lemma deriv_internal_fv:
  assumes U'': "\<And>z. 0 < z \<Longrightarrow> (U' has_real_derivative U'' z) (at z)"
    and U': "\<And>z. 0 < z \<Longrightarrow> deriv U z = U' z"
    and q_pos: "\<And>y. y \<in> {0<..<1} \<Longrightarrow> 0 < q y"
    and q': "(q has_real_derivative q' x) (at x)" and x: "x \<in> {0<..<1}"
  shows "deriv (internal_fv U q) x = U'' (q x) * q' x"
proof -
  have "((\<lambda>y. U' (q y)) has_real_derivative U'' (q x) * q' x) (at x)"
    using DERIV_chain2[OF U'' q'] q_pos[OF x] by simp
  then have "(internal_fv U q has_real_derivative U'' (q x) * q' x) (at x)"
    by (rule has_field_derivative_transform_within_open[where S="{0<..<1}"])
       (use x q_pos U' in \<open>auto simp: internal_fv_def\<close>)
  then show ?thesis by (rule DERIV_imp_deriv)
qed

lemma pressure_has_real_derivative:
  assumes U': "\<And>z. 0 < z \<Longrightarrow> (U has_real_derivative U' z) (at z)"
    and U'': "\<And>z. 0 < z \<Longrightarrow> (U' has_real_derivative U'' z) (at z)"
    and q': "(q has_real_derivative q' x) (at x)" and "0 < q x"
  shows "((\<lambda>x. U' (q x) * q x - U (q x)) has_real_derivative U'' (q x) * q' x * q x) (at x)"
proof -
  have "((\<lambda>x. U' (q x) * q x - U (q x)) has_real_derivative
          U'' (q x) * q' x * q x + q' x * U' (q x) - U' (q x) * q' x) (at x)"
    using \<open>0 < q x\<close>
    by (intro DERIV_diff DERIV_mult DERIV_chain2[OF U'' q'] DERIV_chain2[OF U' q'] q')
  then show ?thesis by (simp add: algebra_simps)
qed

lemma transport_linearization_internal:
  assumes p: "positive_continuous_density p" and q: "positive_continuous_density q"
    and q': "\<And>x. x \<in> {0..1} \<Longrightarrow> (q has_real_derivative q' x) (at x within {0..1})"
      "continuous_on {0..1} q'"
    and U': "\<And>z. 0 < z \<Longrightarrow> (U has_real_derivative U' z) (at z)"
    and U'': "\<And>z. 0 < z \<Longrightarrow> (U' has_real_derivative U'' z) (at z)" "continuous_on {0<..} U''"
  defines "P \<equiv> \<lambda>x. U' (q x) * q x - U (q x)"
  shows "transport_linearization (internal_fv U) p q =
    integral {0..1} (\<lambda>s. P (inv_cdf q s) * (1 / q (inv_cdf q s) - 1 / p (inv_cdf p s)))"
proof -
  define P' where "P' x = U'' (q x) * q' x * q x" for x
  have Uc: "continuous_on {0<..} U" and U'c: "continuous_on {0<..} U'"
    by (rule DERIV_continuous_on, rule has_field_derivative_at_within, rule U' U''(1), simp)+
  have qc: "continuous_on {0..1} q"
    by (rule continuous_on_density[OF q])
  have q_pos: "0 < q x" if "x \<in> {0<..<1}" for x
    using density_pos[OF q] that by simp
  have q'_at: "(q has_real_derivative q' x) (at x)" if "x \<in> {0<..<1}" for x
    using q'(1)[of x] that by (simp add: at_within_Icc_at)
  have "transport_linearization (internal_fv U) p q = integral {0..1} (\<lambda>x. P' x * (ot_map p q x - x))"
    unfolding transport_linearization_def
  proof (rule integral_cong_interior)
    fix x :: real assume x: "x \<in> {0<..<1}"
    have "deriv (internal_fv U q) x = U'' (q x) * q' x"
      by (rule deriv_internal_fv[where q'=q' and x=x, OF U''(1) DERIV_imp_deriv[OF U'] q_pos
          q'_at[OF x] x])
    then show "deriv (internal_fv U q) x * (ot_map p q x - x) * q x = P' x * (ot_map p q x - x)"
      by (simp add: P'_def)
  qed
  also have "\<dots> = integral {0..1} (\<lambda>s. P (inv_cdf q s) * (1 / q (inv_cdf q s) - 1 / p (inv_cdf p s)))"
  proof (rule integral_deriv_mult_ot_map_displacement[OF p q])
    show "continuous_on {0..1} P"
      unfolding P_def by (intro continuous_intros continuous_on_compose_density[OF q] U'c Uc qc)
    show "continuous_on {0..1} P'"
      unfolding P'_def by (intro continuous_intros continuous_on_compose_density[OF q] U''(2) q'(2) qc)
    show "(P has_real_derivative P' x) (at x)" if "x \<in> {0<..<1}" for x
      unfolding P_def P'_def
      by (rule pressure_has_real_derivative[where q'=q' and x=x, OF U' U''(1) q'_at[OF that]
          q_pos[OF that]])
  qed
  finally show ?thesis .
qed

lemma transport_bregman_internal_energy:
  assumes p: "positive_continuous_density p" and q: "positive_continuous_density q"
    and q': "\<And>x. x \<in> {0..1} \<Longrightarrow> (q has_real_derivative q' x) (at x within {0..1})"
      "continuous_on {0..1} q'"
    and U: "C2_on {0<..} U"
  shows "transport_bregman (internal_energy U) (internal_fv U) p q =
    integral {0..1} (\<lambda>s. bregman (\<lambda>z. z * U (1 / z)) (deriv (inv_cdf p) s) (deriv (inv_cdf q) s))"
proof -
  obtain U' U'' where U': "\<And>z. 0 < z \<Longrightarrow> (U has_real_derivative U' z) (at z)"
    and U'': "\<And>z. 0 < z \<Longrightarrow> (U' has_real_derivative U'' z) (at z)" "continuous_on {0<..} U''"
    using U unfolding C2_on_def by (auto simp: at_within_open[of _ "{0<..}"])
  have Uc: "continuous_on {0<..} U" and U'c: "continuous_on {0<..} U'"
    by (rule DERIV_continuous_on, rule has_field_derivative_at_within, rule U' U''(1), simp)+
  define X Y where "X = inv_cdf q" and "Y = inv_cdf p"
  define P where "P x = U' (q x) * q x - U (q x)" for x
  have "integral {0..1} (\<lambda>s. bregman (\<lambda>z. z * U (1 / z)) (deriv Y s) (deriv X s))
      = integral {0..1} (\<lambda>s. U (p (Y s)) / p (Y s) - U (q (X s)) / q (X s)
                             - P (X s) * (1 / q (X s) - 1 / p (Y s)))"
  proof (rule integral_cong_interior)
    fix s :: real assume s: "s \<in> {0<..<1}"
    then have s01: "s \<in> {0..1}" by simp
    have pY: "0 < p (Y s)" and qX: "0 < q (X s)"
      unfolding X_def Y_def
      using density_pos[OF p inv_cdf_in[OF p s01]] density_pos[OF q inv_cdf_in[OF q s01]] .
    have "deriv Y s = 1 / p (Y s)" and "deriv X s = 1 / q (X s)"
      unfolding X_def Y_def by (intro DERIV_imp_deriv inv_cdf_has_real_derivative p q s)+
    with bregman_perspective[OF pY qX U'[OF qX]]
    show "bregman (\<lambda>z. z * U (1 / z)) (deriv Y s) (deriv X s)
      = U (p (Y s)) / p (Y s) - U (q (X s)) / q (X s) - P (X s) * (1 / q (X s) - 1 / p (Y s))"
      by (simp add: P_def)
  qed
  also have "\<dots> = internal_energy U p - internal_energy U q - transport_linearization (internal_fv U) p q"
  proof -
    have "continuous_on {0..1} P"
      unfolding P_def
      by (intro continuous_intros continuous_on_compose_density[OF q] Uc U'c continuous_on_density[OF q])
    then have "continuous_on {0..1} (\<lambda>s. P (X s) * (1 / q (X s) - 1 / p (Y s)))"
      unfolding X_def Y_def
      by (intro continuous_on_mult continuous_on_diff continuous_on_compose_inv_cdf[OF q]
          continuous_on_compose_inv_cdf[OF q continuous_on_inverse_density[OF q]]
          continuous_on_compose_inv_cdf[OF p continuous_on_inverse_density[OF p]])
    moreover have "continuous_on {0..1} (\<lambda>s. U (p (Y s)) / p (Y s))"
      and "continuous_on {0..1} (\<lambda>s. U (q (X s)) / q (X s))"
      unfolding X_def Y_def
      by (intro continuous_on_compose_inv_cdf continuous_on_compose_density_divide p q Uc)+
    ultimately show ?thesis
      using internal_energy_inv_cdf[OF p Uc] internal_energy_inv_cdf[OF q Uc]
        transport_linearization_internal[OF p q q' U' U'']
      by (simp add: X_def Y_def P_def integral_diff integrable_diff integrable_continuous_real)
  qed
  finally show ?thesis
    by (simp add: transport_bregman_eq X_def Y_def)
qed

**To do**
Everything from the line containing "U'c continuous_on_density[OF q])" through the last line of the records must be given again exactly; leave out all other lines.

**Answer section**
      by (intro continuous_intros continuous_on_compose_density[OF q] Uc U'c continuous_on_density[OF q])
    then have "continuous_on {0..1} (\<lambda>s. P (X s) * (1 / q (X s) - 1 / p (Y s)))"
      unfolding X_def Y_def
      by (intro continuous_on_mult continuous_on_diff continuous_on_compose_inv_cdf[OF q]
          continuous_on_compose_inv_cdf[OF q continuous_on_inverse_density[OF q]]
          continuous_on_compose_inv_cdf[OF p continuous_on_inverse_density[OF p]])
    moreover have "continuous_on {0..1} (\<lambda>s. U (p (Y s)) / p (Y s))"
      and "continuous_on {0..1} (\<lambda>s. U (q (X s)) / q (X s))"
      unfolding X_def Y_def
      by (intro continuous_on_compose_inv_cdf continuous_on_compose_density_divide p q Uc)+
    ultimately show ?thesis
      using internal_energy_inv_cdf[OF p Uc] internal_energy_inv_cdf[OF q Uc]
        transport_linearization_internal[OF p q q' U' U'']
      by (simp add: X_def Y_def P_def integral_diff integrable_diff integrable_continuous_real)
  qed
  finally show ?thesis
    by (simp add: transport_bregman_eq X_def Y_def)
qed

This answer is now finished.